theorem theorem1:
  fixes n :: nat
    and \<pi> :: "'s measure"
    and MW :: "'w measure"
    and K :: "(nat \<Rightarrow> 's) \<Rightarrow> 'w measure"
    and loss :: "'s \<Rightarrow> 'w \<Rightarrow> real"
    and \<psi>p \<psi>m :: "real \<Rightarrow> real"
    and bp bm :: ereal
  defines "J \<equiv> joint_law n \<pi> MW K"
    and "PP \<equiv> \<pi> \<Otimes>\<^sub>M output_law n \<pi> MW K"
    and "m \<equiv> (\<integral>z. loss (fst z) (snd z) \<partial>(\<pi> \<Otimes>\<^sub>M output_law n \<pi> MW K))"
  assumes n: "1 \<le> n"
    and pi: "prob_space \<pi>"
    and K: "K \<in> measurable (sample_space n \<pi>) (prob_algebra MW)"
    and loss_meas: "(\<lambda>z. loss (fst z) (snd z)) \<in> borel_measurable (\<pi> \<Otimes>\<^sub>M MW)"
    and loss_nonneg: "\<And>x w. x \<in> space \<pi> \<Longrightarrow> w \<in> space MW \<Longrightarrow> 0 \<le> loss x w"
    \<comment> \<open>finiteness of the mutual informations I(S_i;W)\<close>
    and mi_ac: "\<And>i. i < n \<Longrightarrow> absolutely_continuous
                 (distr J \<pi> (\<lambda>z. fst z i) \<Otimes>\<^sub>M distr J MW snd)
                 (distr J (\<pi> \<Otimes>\<^sub>M MW) (\<lambda>z. (fst z i, snd z)))"
    and mi_int: "\<And>i. i < n \<Longrightarrow> integrable (distr J (\<pi> \<Otimes>\<^sub>M MW) (\<lambda>z. (fst z i, snd z)))
                 (entropy_density (exp 1) (distr J \<pi> (\<lambda>z. fst z i) \<Otimes>\<^sub>M distr J MW snd)
                    (distr J (\<pi> \<Otimes>\<^sub>M MW) (\<lambda>z. (fst z i, snd z))))"
    \<comment> \<open>the cumulant generating function Lambda of ell(S',W') is well defined\<close>
    and loss_int: "integrable PP (\<lambda>z. loss (fst z) (snd z))"
    \<comment> \<open>upper-tail condition with psi_+\<close>
    and bp: "0 < bp"
    and psip_convex: "convex_on (dom0 bp) \<psi>p"
    and psip0: "\<psi>p 0 = 0"
    and psip_deriv: "(\<psi>p has_real_derivative 0) (at 0 within dom0 bp)"
    and cgf_p: "\<And>t. t \<in> dom0 bp \<Longrightarrow>
        integrable PP (\<lambda>z. exp (t * (loss (fst z) (snd z) - m))) \<and>
        ln (\<integral>z. exp (t * (loss (fst z) (snd z) - m)) \<partial>PP) \<le> \<psi>p t"
    \<comment> \<open>lower-tail condition with psi_-\<close>
    and bm: "0 < bm"
    and psim_convex: "convex_on (dom0 bm) \<psi>m"
    and psim0: "\<psi>m 0 = 0"
    and psim_deriv: "(\<psi>m has_real_derivative 0) (at 0 within dom0 bm)"
    and cgf_m: "\<And>t. - t \<in> dom0 bm \<Longrightarrow>
        integrable PP (\<lambda>z. exp (t * (loss (fst z) (snd z) - m))) \<and>
        ln (\<integral>z. exp (t * (loss (fst z) (snd z) - m)) \<partial>PP) \<le> \<psi>m (- t)"
  shows "- (1 / real n) * (\<Sum>i<n. legendre_dual_inv \<psi>p bp (mi_SiW n \<pi> MW K i))
           \<le> gen_err n \<pi> MW K loss
         \<and> gen_err n \<pi> MW K loss
           \<le> (1 / real n) * (\<Sum>i<n. legendre_dual_inv \<psi>m bm (mi_SiW n \<pi> MW K i))"
proof -
  interpret learning_algorithm n \<pi> MW K by (rule learning_algorithm.intro[OF pi K])
  let ?L = "\<lambda>z. loss (fst z) (snd z)"
  let ?E = "\<lambda>i. \<integral>z. ?L z \<partial>pair_law i"
  let ?I = "mi_SiW n \<pi> MW K"
  have loss_meas_PP: "?L \<in> borel_measurable PP"
    using loss_meas unfolding PP_def measurable_cong_sets[OF sets_product_output_law refl] .
  have loss_nonneg_PP: "0 \<le> ?L z" if "z \<in> space PP" for z
    using that loss_nonneg by (auto simp: PP_def space_product_output_law)
  have DV_setting: "prob_space PP" "prob_space (pair_law i)" "sets (pair_law i) = sets PP"
    "absolutely_continuous PP (pair_law i)"
    "integrable (pair_law i) (entropy_density (exp 1) PP (pair_law i))" if "i < n" for i
    using prob_space_product_output_law prob_space_pair_law[OF that] sets_pair_law
      mi_ac[OF that] mi_int[OF that]
    unfolding J_def PP_def product_of_marginals[OF that] pair_law_def by simp_all
  obtain t0 where t0: "0 < t0" "t0 \<in> dom0 bp"
    using ereal_dense2[OF bp] by (force simp: dom0_def)
  have "integrable PP (\<lambda>z. exp (t0 * (?L z - m)) * exp (t0 * m))"
    using cgf_p[OF t0(2)] by simp
  then have exp_moment: "integrable PP (\<lambda>z. exp (t0 * ?L z))"
    by (simp add: right_diff_distrib exp_diff)
  have int_pair: "integrable (pair_law i) ?L" if "i < n" for i
    by (rule integrable_of_finite_KL_exp_moment[OF DV_setting[OF that] loss_meas_PP
          loss_nonneg_PP t0(1) exp_moment])
  have upper: "?E i - m \<le> legendre_dual_inv \<psi>p bp (?I i)" if "i < n" for i
    unfolding mi_SiW_eq_KL_divergence[OF that, folded PP_def] using cgf_p
    by (intro expectation_sub_le_legendre_dual_inv[OF DV_setting[OF that] loss_meas_PP
          int_pair[OF that] bp]) auto
  have lower: "m - ?E i \<le> legendre_dual_inv \<psi>m bm (?I i)" if "i < n" for i
    unfolding mi_SiW_eq_KL_divergence[OF that, folded PP_def] using cgf_m
    by (intro sub_expectation_le_legendre_dual_inv[OF DV_setting[OF that] loss_meas_PP
          int_pair[OF that] bm]) auto
  have gen: "gen_err n \<pi> MW K loss = (1 / real n) * (\<Sum>i<n. m - ?E i)"
    unfolding m_def using gen_err_eq_average[OF n loss_meas] loss_int int_pair
    by (simp add: PP_def)
  have "- (\<Sum>i<n. legendre_dual_inv \<psi>p bp (?I i)) \<le> (\<Sum>i<n. m - ?E i)"
    unfolding sum_negf[symmetric] using upper by (intro sum_mono) force
  moreover have "(\<Sum>i<n. m - ?E i) \<le> (\<Sum>i<n. legendre_dual_inv \<psi>m bm (?I i))"
    using lower by (intro sum_mono) force
  ultimately show ?thesis
    unfolding gen minus_mult_commute by (intro conjI mult_left_mono) simp_all
qed

end
lemma
  assumes "s > 1"
  shows u_c: "u s (c s) = 1"
    and c_pos: "0 < c s"
    and c_less_1: "c s < 1"
proof -
  have c: "c s \<ge> -1 \<and> u s (c s) = 1"
    unfolding c_def by (rule theI'[OF ex1_u_eq_1[OF assms]])
  then show "u s (c s) = 1" by simp
  show pos: "0 < c s"
    using c u_nonpos[OF assms, of "c s"] by linarith
  show "c s < 1"
  proof (rule ccontr)
    assume "\<not> c s < 1"
    then have "u s 1 \<le> u s (c s)"
      using u_strict_mono[OF assms zero_less_one, of "c s"] by (cases "c s = 1") auto
    then show False using c u_1_gt_1[OF assms] by simp
  qed
qed

lemma ln_u_c:
  assumes "s > 1"
  shows "ln_u s (c s) = 0"
  using u_eq_exp_ln_u[OF assms c_pos[OF assms]] u_c[OF assms] by simp

lemma has_derivative_ln_u:
  assumes "s > 1" "t > 0"
  shows "((\<lambda>p. ln_u (fst p) (snd p)) has_derivative
           (\<lambda>h. ln_u_ds s t * fst h + ln_u_dt s t * snd h)) (at (s, t))"
proof -
  have "m * ((a + b) * inverse q - a * inverse m) = m / q * a + m / q * b - a"
    if "m \<noteq> 0" "q \<noteq> 0" for a b m q :: real
    using that by (simp add: field_simps)
  from this[of "s - 1" "s + t"] assms show ?thesis
    unfolding ln_u_def ln_u_ds_def ln_u_dt_def
    by (auto intro!: derivative_eq_intros simp: fun_eq_iff algebra_simps divide_inverse)
qed

lemma ln_u_ds_pos:
  assumes "s > 1" "t > 0"
  shows "ln_u_ds s t > 0"
proof -
  define q where "q = (s + t) / (s - 1)"
  have "q > 1" using assms by (simp add: q_def)
  then have "ln (1 / q) < 1 / q - 1"
    using ln_le_minus_one[of "1 / q"] ln_eq_minus_one[of "1 / q"] by fastforce
  moreover have "ln_u_ds s t = ln q + 1 / q - 1"
    using assms by (simp add: ln_u_ds_def q_def ln_div)
  ultimately show ?thesis using \<open>q > 1\<close> by (simp add: ln_div)
qed

lemma ln_u_dt_pos:
  assumes "s > 1" "t > 0"
  shows "ln_u_dt s t > 0"
  using assms unfolding ln_u_dt_def by (auto intro!: add_pos_pos)

lemma implicit_function_has_real_derivative:
  fixes F :: "real \<Rightarrow> real \<Rightarrow> real" and f :: "real \<Rightarrow> real"
  assumes "open S" and "open T" and "x \<in> T"
    and on_graph: "\<And>y. y \<in> T \<Longrightarrow> (y, f y) \<in> S \<and> F y (f y) = 0"
    and cont: "continuous_on S (\<lambda>p. F (fst p) (snd p))"
    and inj: "\<And>y t t'. (y, t) \<in> S \<Longrightarrow> (y, t') \<in> S \<Longrightarrow> F y t = F y t' \<Longrightarrow> t = t'"
    and deriv: "((\<lambda>p. F (fst p) (snd p)) has_derivative (\<lambda>h. A * fst h + B * snd h)) (at (x, f x))"
    and "B \<noteq> 0"
  shows "(f has_real_derivative - A / B) (at x)"
proof -
  define \<Phi> where "\<Phi> p = (fst p, F (fst p) (snd p))" for p :: "real \<times> real"
  define \<Phi>' where "\<Phi>' h = (fst h, A * fst h + B * snd h)" for h :: "real \<times> real"
  define g where "g q = (fst q, THE t. (fst q, t) \<in> S \<and> F (fst q) t = snd q)" for q :: "real \<times> real"
  define g' where "g' k = (fst k, (snd k - A * fst k) / B)" for k :: "real \<times> real"
  have g_\<Phi>: "g (\<Phi> p) = p" if "p \<in> S" for p
    using that inj unfolding g_def \<Phi>_def by (cases p) (auto intro!: the_equality)
  have graph_in_S: "(x, f x) \<in> S" using on_graph \<open>x \<in> T\<close> by blast
  have cont_\<Phi>: "continuous_on S \<Phi>"
    unfolding \<Phi>_def by (intro continuous_on_Pair continuous_on_fst continuous_on_id cont)
  have deriv_\<Phi>: "(\<Phi> has_derivative \<Phi>') (at (x, f x))"
    unfolding \<Phi>_def \<Phi>'_def by (intro has_derivative_Pair has_derivative_fst has_derivative_ident deriv)
  have "\<Phi>' \<circ> g' = id"
    using \<open>B \<noteq> 0\<close> by (auto simp: \<Phi>'_def g'_def fun_eq_iff)
  from has_derivative_inverse_strong[OF \<open>open S\<close> graph_in_S cont_\<Phi> g_\<Phi> deriv_\<Phi> this]
  have "(g has_derivative g') (at (x, 0))"
    using on_graph[OF \<open>x \<in> T\<close>] by (simp add: \<Phi>_def)
  moreover have "((\<lambda>y. (y, 0)) has_derivative (\<lambda>h. (h, 0))) (at x)"
    by (rule has_derivative_Pair[OF has_derivative_ident has_derivative_const])
  ultimately have "((\<lambda>y. g (y, 0)) has_derivative (\<lambda>h. g' (h, 0))) (at x)"
    using has_derivative_compose by blast
  then have deriv_g: "((\<lambda>y. snd (g (y, 0))) has_real_derivative - A / B) (at x)"
    unfolding has_field_derivative_def
    by (rule has_derivative_eq_rhs[OF has_derivative_snd]) (auto simp: g'_def)
  have "snd (g (y, 0)) = f y" if "y \<in> T" for y
    using g_\<Phi>[of "(y, f y)"] on_graph[OF that] by (simp add: \<Phi>_def)
  with has_field_derivative_transform_within_open[OF deriv_g \<open>open T\<close> \<open>x \<in> T\<close>]
  show ?thesis by blast
qed

lemma has_real_derivative_c:
  assumes "s > 1"
  shows "(c has_real_derivative - ln_u_ds s (c s) / ln_u_dt s (c s)) (at s)"
proof (rule implicit_function_has_real_derivative[where S = "{1<..} \<times> {0<..}" and T = "{1<..}"])
  have "isCont (\<lambda>p. ln_u (fst p) (snd p)) p" if "p \<in> {1<..} \<times> {0<..}" for p
    using that has_derivative_continuous[OF has_derivative_ln_u, of "fst p" "snd p"] by auto
  then show "continuous_on ({1<..} \<times> {0<..}) (\<lambda>p. ln_u (fst p) (snd p))"
    by (simp add: continuous_at_imp_continuous_on)
  show "t = t'" if "(y, t) \<in> {1<..} \<times> {0<..}" "(y, t') \<in> {1<..} \<times> {0<..}" "ln_u y t = ln_u y t'"
    for y t t'
    using that ln_u_strict_mono[of y t t'] ln_u_strict_mono[of y t' t]
    by (cases t t' rule: linorder_cases) auto
  show "ln_u_dt s (c s) \<noteq> 0"
    using ln_u_dt_pos[OF assms c_pos[OF assms]] by simp
qed (use assms c_pos ln_u_c has_derivative_ln_u in \<open>auto simp: open_Times\<close>)

datatype expr = Const real | Var_s | Var_t | Add expr expr | Mult expr expr | Inv expr | Log expr

fun eval_expr :: "expr \<Rightarrow> real \<Rightarrow> real \<Rightarrow> real" where
  "eval_expr (Const a) s t = a"
| "eval_expr Var_s s t = s"
| "eval_expr Var_t s t = t"
| "eval_expr (Add e e') s t = eval_expr e s t + eval_expr e' s t"
| "eval_expr (Mult e e') s t = eval_expr e s t * eval_expr e' s t"
| "eval_expr (Inv e) s t = inverse (eval_expr e s t)"
| "eval_expr (Log e) s t = ln (eval_expr e s t)"
(* Let $v$ be a weight on $[0,1)$ satisfying $\lim_{r\to1^-}v(r)=0$ and let $t\in[0,1)$. Identifying the bidual $(H^0_v)''$ with $H^\infty_v$ via the canonical isometric isomorphism, the bi-transpose $C_t''\colon H^\infty_v\to H^\infty_v$ of $C_t\colon H^0_v\to H^0_v$ coincides with $C_t\colon H^\infty_v\to H^\infty_v$.
   Context: $\mathbb{D}=\{z\in\mathbb{C}:|z|<1\}$ and $H(\mathbb{D})$ is the space of holomorphic functions on $\mathbb{D}$. A weight is a continuous non-increasing function $v\colon[0,1)\to(0,\infty)$, extended to $\mathbb{D}$ by $v(z):=v(|z|)$. $H^\infty_v=\{f\in H(\mathbb{D}):\|f\|_{\infty,v}:=\sup_{z\in\mathbb{D}}|f(z)|v(z)<\infty\}$ and $H^0_v=\{f\in H(\mathbb{D}):\lim_{|z|\to1^-}|f(z)|v(z)=0\}$, both with the norm $\|\cdot\|_{\infty,v}$. When $\lim_{r\to1^-}v(r)=0$, $H^\infty_v$ is canonically isometric to $(H^0_v)''$: letting $X$ be the Banach space of linear functionals on $H^\infty_v$ whose restriction to the closed unit ball $U_v$ of $H^\infty_v$ is continuous for the topology of uniform convergence on compact subsets of $\mathbb{D}$ (normed by $\sup_{f\in U_v}|F(f)|$), the restriction map $F\mapsto F|_{H^0_v}$ is an isometric isomorphism of $X$ onto $(H^0_v)'$, and the evaluation map $f\mapsto(F\mapsto F(f))$ is an isometric isomorphism of $H^\infty_v$ onto $X'$; composing gives $H^\infty_v\cong(H^0_v)''$. For $t\in[0,1]$ the generalized Cesàro operator $C_t$ is defined on $f\in H(\mathbb{D})$ by $C_tf(0)=f(0)$ and $C_tf(z)=\frac{1}{z}\int_0^z\frac{f(\xi)}{1-t\xi}\,d\xi$ for $z\neq0$; for $t\in[0,1)$ it maps $H^0_v$ and $H^\infty_v$ continuously into themselves. *)

theory Defs
  imports "HOL-Complex_Analysis.Complex_Analysis"
begin

definition weight :: "(real \<Rightarrow> real) \<Rightarrow> bool" where
  "weight v \<longleftrightarrow> continuous_on {0..<1} v
     \<and> (\<forall>r s. 0 \<le> r \<and> r \<le> s \<and> s < 1 \<longrightarrow> v s \<le> v r)
     \<and> (\<forall>r. 0 \<le> r \<and> r < 1 \<longrightarrow> v r > 0)"

definition Hinf :: "(real \<Rightarrow> real) \<Rightarrow> (complex \<Rightarrow> complex) set" where
  "Hinf v = {f. f holomorphic_on ball 0 1 \<and>
      bounded ((\<lambda>z. norm (f z) * v (norm z)) ` ball 0 1)}"

definition H0 :: "(real \<Rightarrow> real) \<Rightarrow> (complex \<Rightarrow> complex) set" where
  "H0 v = {f. f holomorphic_on ball 0 1 \<and>
      (\<forall>e>0. \<exists>r<1. \<forall>z. r < norm z \<and> norm z < 1 \<longrightarrow> norm (f z) * v (norm z) < e)}"

definition wnorm :: "(real \<Rightarrow> real) \<Rightarrow> (complex \<Rightarrow> complex) \<Rightarrow> real" where
  "wnorm v f = (SUP z\<in>ball 0 1. norm (f z) * v (norm z))"

definition Uball :: "(real \<Rightarrow> real) \<Rightarrow> (complex \<Rightarrow> complex) set" where
  "Uball v = {f \<in> Hinf v. wnorm v f \<le> 1}"

definition clinear_on ::
  "(complex \<Rightarrow> complex) set \<Rightarrow> ((complex \<Rightarrow> complex) \<Rightarrow> complex) \<Rightarrow> bool" where
  "clinear_on S F \<longleftrightarrow>
     (\<forall>f\<in>S. \<forall>g\<in>S. F (\<lambda>z. f z + g z) = F f + F g) \<and>
     (\<forall>f\<in>S. \<forall>c. F (\<lambda>z. c * f z) = c * F f)"

definition H0_dual :: "(real \<Rightarrow> real) \<Rightarrow> ((complex \<Rightarrow> complex) \<Rightarrow> complex) set" where
  "H0_dual v = {u. clinear_on (H0 v) u \<and>
      (\<exists>C. \<forall>f\<in>H0 v. norm (u f) \<le> C * wnorm v f)}"

text \<open>Continuity on Uball v for the topology of uniform convergence on compact subsets
  of the disc (basic neighbourhoods of f: uniform closeness on a compact K in the disc).\<close>
definition cont_on_ball_co ::
  "(real \<Rightarrow> real) \<Rightarrow> ((complex \<Rightarrow> complex) \<Rightarrow> complex) \<Rightarrow> bool" where
  "cont_on_ball_co v F \<longleftrightarrow>
     (\<forall>f\<in>Uball v. \<forall>e>0. \<exists>K \<delta>. compact K \<and> K \<subseteq> ball 0 1 \<and> \<delta> > 0 \<and>
        (\<forall>g\<in>Uball v. (\<forall>z\<in>K. norm (g z - f z) < \<delta>) \<longrightarrow> norm (F g - F f) < e))"

definition Xspace :: "(real \<Rightarrow> real) \<Rightarrow> ((complex \<Rightarrow> complex) \<Rightarrow> complex) set" where
  "Xspace v = {F. clinear_on (Hinf v) F \<and> cont_on_ball_co v F}"

definition cesaro :: "real \<Rightarrow> (complex \<Rightarrow> complex) \<Rightarrow> (complex \<Rightarrow> complex)" where
  "cesaro t f = (\<lambda>z. if z = 0 then f 0
      else contour_integral (linepath 0 z) (\<lambda>\<xi>. f \<xi> / (1 - of_real t * \<xi>)) / z)"

end

theory Submission
  imports Defs
begin

(* For f in H^inf_v, the dilations f_r(z) = f(r z), 0 <= r < 1, are bounded, so f_r and C_t f_r
   lie in H^0_v, where F and G are prescribed: F (C_t f_r) = u (C_t f_r) = G f_r. As r -> 1,
   f_r -> f and C_t f_r -> C_t f uniformly on compact subsets of the disc, inside fixed balls
   of H^inf_v. Functionals in X are continuous on such balls for this topology (rescale into
   the unit ball and use linearity), hence F (C_t f) = lim F (C_t f_r) = lim G f_r = G f. *)

lemma contour_integral_linepath_has_field_derivative:
  fixes f :: "complex \<Rightarrow> complex"
  assumes "f holomorphic_on S" "convex S" "open S" "a \<in> S" "x \<in> S"
  shows "((\<lambda>x. contour_integral (linepath a x) f) has_field_derivative f x) (at x)"
proof -
  have "((\<lambda>x. contour_integral (linepath a x) f) has_field_derivative f x) (at x within S)"
  proof (rule triangle_contour_integrals_convex_primitive)
    fix b c assume "b \<in> S" "c \<in> S"
    then have "f holomorphic_on convex hull {a, b, c}"
      using assms by (intro holomorphic_on_subset[OF assms(1)] hull_minimal) auto
    then show "contour_integral (linepath a b) f + contour_integral (linepath b c) f +
        contour_integral (linepath c a) f = 0"
      by (intro has_chain_integral_chain_integral3 Cauchy_theorem_triangle)
  qed (use assms in \<open>auto intro: holomorphic_on_imp_continuous_on\<close>)
  then show ?thesis
    using assms at_within_open by metis
qed

lemma compact_subset_ball_imp_subset_cball:
  fixes K :: "'a::real_normed_vector set"
  assumes "compact K" "K \<subseteq> ball 0 1"
  obtains \<rho> where "\<rho> < 1" "K \<subseteq> cball 0 \<rho>"
proof (cases "K = {}")
  case True
  then show ?thesis using that[of 0] by auto
next
  case False
  have "compact (norm ` K)"
    by (intro compact_continuous_image continuous_intros assms(1))
  then obtain s where "s \<in> norm ` K" "\<forall>y\<in>norm ` K. y \<le> s"
    using compact_attains_sup[of "norm ` K"] False by blast
  then show ?thesis
    using assms(2) that[of s] by force
qed

definition weighted_ball :: "(real \<Rightarrow> real) \<Rightarrow> real \<Rightarrow> (complex \<Rightarrow> complex) set" where
  "weighted_ball v R = {f. f holomorphic_on ball 0 1 \<and>
      (\<forall>z\<in>ball 0 1. norm (f z) * v (norm z) \<le> R)}"

lemma weight_pos: "weight v \<Longrightarrow> 0 \<le> r \<Longrightarrow> r < 1 \<Longrightarrow> 0 < v r"
  unfolding weight_def by blast

lemma weight_antimono: "weight v \<Longrightarrow> 0 \<le> r \<Longrightarrow> r \<le> s \<Longrightarrow> s < 1 \<Longrightarrow> v s \<le> v r"
  unfolding weight_def by blast

lemma weighted_ball_subset_Hinf:
  assumes "weight v"
  shows "weighted_ball v R \<subseteq> Hinf v"
proof
  fix f assume f: "f \<in> weighted_ball v R"
  have "\<bar>norm (f z) * v (norm z)\<bar> \<le> R" if "z \<in> ball 0 1" for z
    using f that weight_pos[OF assms, of "norm z"] by (auto simp: weighted_ball_def)
  then have "bounded ((\<lambda>z. norm (f z) * v (norm z)) ` ball 0 1)"
    unfolding bounded_iff by (intro exI[of _ R]) (auto simp del: abs_mult)
  then show "f \<in> Hinf v"
    using f by (simp add: Hinf_def weighted_ball_def)
qed

lemma Hinf_in_weighted_ball: "f \<in> Hinf v \<Longrightarrow> f \<in> weighted_ball v (wnorm v f)"
  unfolding weighted_ball_def Hinf_def wnorm_def
  by (auto intro!: cSUP_upper bounded_imp_bdd_above)

lemma weighted_ball_mono: "R \<le> S \<Longrightarrow> weighted_ball v R \<subseteq> weighted_ball v S"
  unfolding weighted_ball_def by force

lemma weighted_ball_one_subset_Uball:
  assumes "weight v"
  shows "weighted_ball v 1 \<subseteq> Uball v"
  using weighted_ball_subset_Hinf[OF assms]
  by (auto simp: Uball_def weighted_ball_def wnorm_def intro!: cSUP_least)

lemma weighted_ball_cmult:
  assumes "f \<in> weighted_ball v R" "0 \<le> c"
  shows "(\<lambda>z. of_real c * f z) \<in> weighted_ball v (c * R)"
  using assms unfolding weighted_ball_def
  by (auto simp: norm_mult mult.assoc intro!: holomorphic_intros mult_left_mono)

lemma bounded_holomorphic_in_H0:
  assumes "weight v" "(v \<longlongrightarrow> 0) (at_left 1)" "f holomorphic_on ball 0 1"
    and "\<And>z. z \<in> ball 0 1 \<Longrightarrow> norm (f z) \<le> B"
  shows "f \<in> H0 v"
proof -
  have "\<exists>r<1. \<forall>z. r < norm z \<and> norm z < 1 \<longrightarrow> norm (f z) * v (norm z) < e" if "e > 0" for e
  proof -
    have B: "0 \<le> B"
      using assms(4)[of 0] by (meson centre_in_ball norm_ge_zero order_trans zero_less_one)
    have "\<forall>\<^sub>F r in at_left 1. v r < e / (B + 1)"
      using order_tendstoD(2)[OF assms(2)] \<open>e > 0\<close> B by simp
    then obtain b where b: "b < 1" "\<And>r. b < r \<Longrightarrow> r < 1 \<Longrightarrow> v r < e / (B + 1)"
      by (auto simp: eventually_at_left_field)
    have "norm (f z) * v (norm z) < e" if z: "b < norm z" "norm z < 1" for z
    proof -
      have "norm (f z) * v (norm z) \<le> B * (e / (B + 1))"
        using z b(2)[of "norm z"] assms(4) weight_pos[OF assms(1), of "norm z"] B
        by (intro mult_mono) auto
      also have "\<dots> < e"
        using \<open>e > 0\<close> B by (simp add: field_simps)
      finally show ?thesis .
    qed
    then show ?thesis
      using b(1) by blast
  qed
  then show ?thesis
    using assms(3) by (simp add: H0_def)
qed

section \<open>The Cesaro operator\<close>

lemma norm_one_minus_mult_ge:
  assumes "0 \<le> t" "norm (\<xi>::complex) \<le> 1"
  shows "1 - t \<le> norm (1 - of_real t * \<xi>)"
proof -
  have "norm (of_real t * \<xi>) \<le> t"
    using assms by (simp add: norm_mult mult_left_le)
  moreover have "1 - norm (of_real t * \<xi>) \<le> norm (1 - of_real t * \<xi>)"
    by (metis norm_one norm_triangle_ineq2)
  ultimately show ?thesis by linarith
qed

lemma cesaro_integrand_holomorphic:
  assumes "g holomorphic_on ball 0 1" "0 \<le> t" "t < 1"
  shows "(\<lambda>\<xi>. g \<xi> / (1 - of_real t * \<xi>)) holomorphic_on ball 0 1"
proof (intro holomorphic_intros assms(1))
  fix \<xi> :: complex assume "\<xi> \<in> ball 0 1"
  then have "1 - t \<le> norm (1 - of_real t * \<xi>)"
    using norm_one_minus_mult_ge assms by simp
  then show "1 - of_real t * \<xi> \<noteq> 0"
    using assms by auto
qed

lemma cesaro_holomorphic:
  assumes "g holomorphic_on ball 0 1" "0 \<le> t" "t < 1"
  shows "cesaro t g holomorphic_on ball 0 1"
proof -
  define h where "h = (\<lambda>\<xi>. g \<xi> / (1 - of_real t * \<xi>))"
  define H where "H = (\<lambda>z. contour_integral (linepath 0 z) h)"
  have H': "(H has_field_derivative h z) (at z)" if "z \<in> ball 0 1" for z
    unfolding H_def using cesaro_integrand_holomorphic[OF assms] that
    by (intro contour_integral_linepath_has_field_derivative) (auto simp: h_def)
  then have "H holomorphic_on ball 0 1"
    using holomorphic_on_open field_differentiable_def by blast
  then have "(\<lambda>z. H z / z) holomorphic_on ball 0 1 - {0}"
    by (intro holomorphic_intros) (auto intro: holomorphic_on_subset)
  then have punctured: "cesaro t g holomorphic_on ball 0 1 - {0}"
    by (rule holomorphic_transform) (auto simp: cesaro_def H_def h_def)
  \<comment> \<open>At the origin, H z / z is a difference quotient of H, so it tends to H'(0) = g 0.\<close>
  have "((\<lambda>z. (H z - H 0) / (z - 0)) \<longlongrightarrow> h 0) (at 0)"
    using H'[of 0] by (simp add: DERIV_def)
  then have "((\<lambda>z. H z / z) \<longlongrightarrow> g 0) (at 0)"
    by (simp add: H_def h_def)
  then have "(cesaro t g \<longlongrightarrow> g 0) (at 0)"
    by (rule Lim_transform_eventually)
       (auto simp: eventually_at_filter cesaro_def H_def h_def)
  then have "(cesaro t g \<longlongrightarrow> cesaro t g 0) (at 0 within ball 0 1)"
    by (auto simp: cesaro_def intro: tendsto_within_subset)
  then show ?thesis
    by (intro no_isolated_singularity'[OF _ punctured]) auto
qed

• Task statement
Your task for the entries above: copy exactly the span starting with the line with "complex) set \<Rightarrow>" and going on through the line with "v) u \<and>", both lines included, and nothing else.

• Expected answer
  "(complex \<Rightarrow> complex) set \<Rightarrow> ((complex \<Rightarrow> complex) \<Rightarrow> complex) \<Rightarrow> bool" where
  "clinear_on S F \<longleftrightarrow>
     (\<forall>f\<in>S. \<forall>g\<in>S. F (\<lambda>z. f z + g z) = F f + F g) \<and>
     (\<forall>f\<in>S. \<forall>c. F (\<lambda>z. c * f z) = c * F f)"

definition H0_dual :: "(real \<Rightarrow> real) \<Rightarrow> ((complex \<Rightarrow> complex) \<Rightarrow> complex) set" where
  "H0_dual v = {u. clinear_on (H0 v) u \<and>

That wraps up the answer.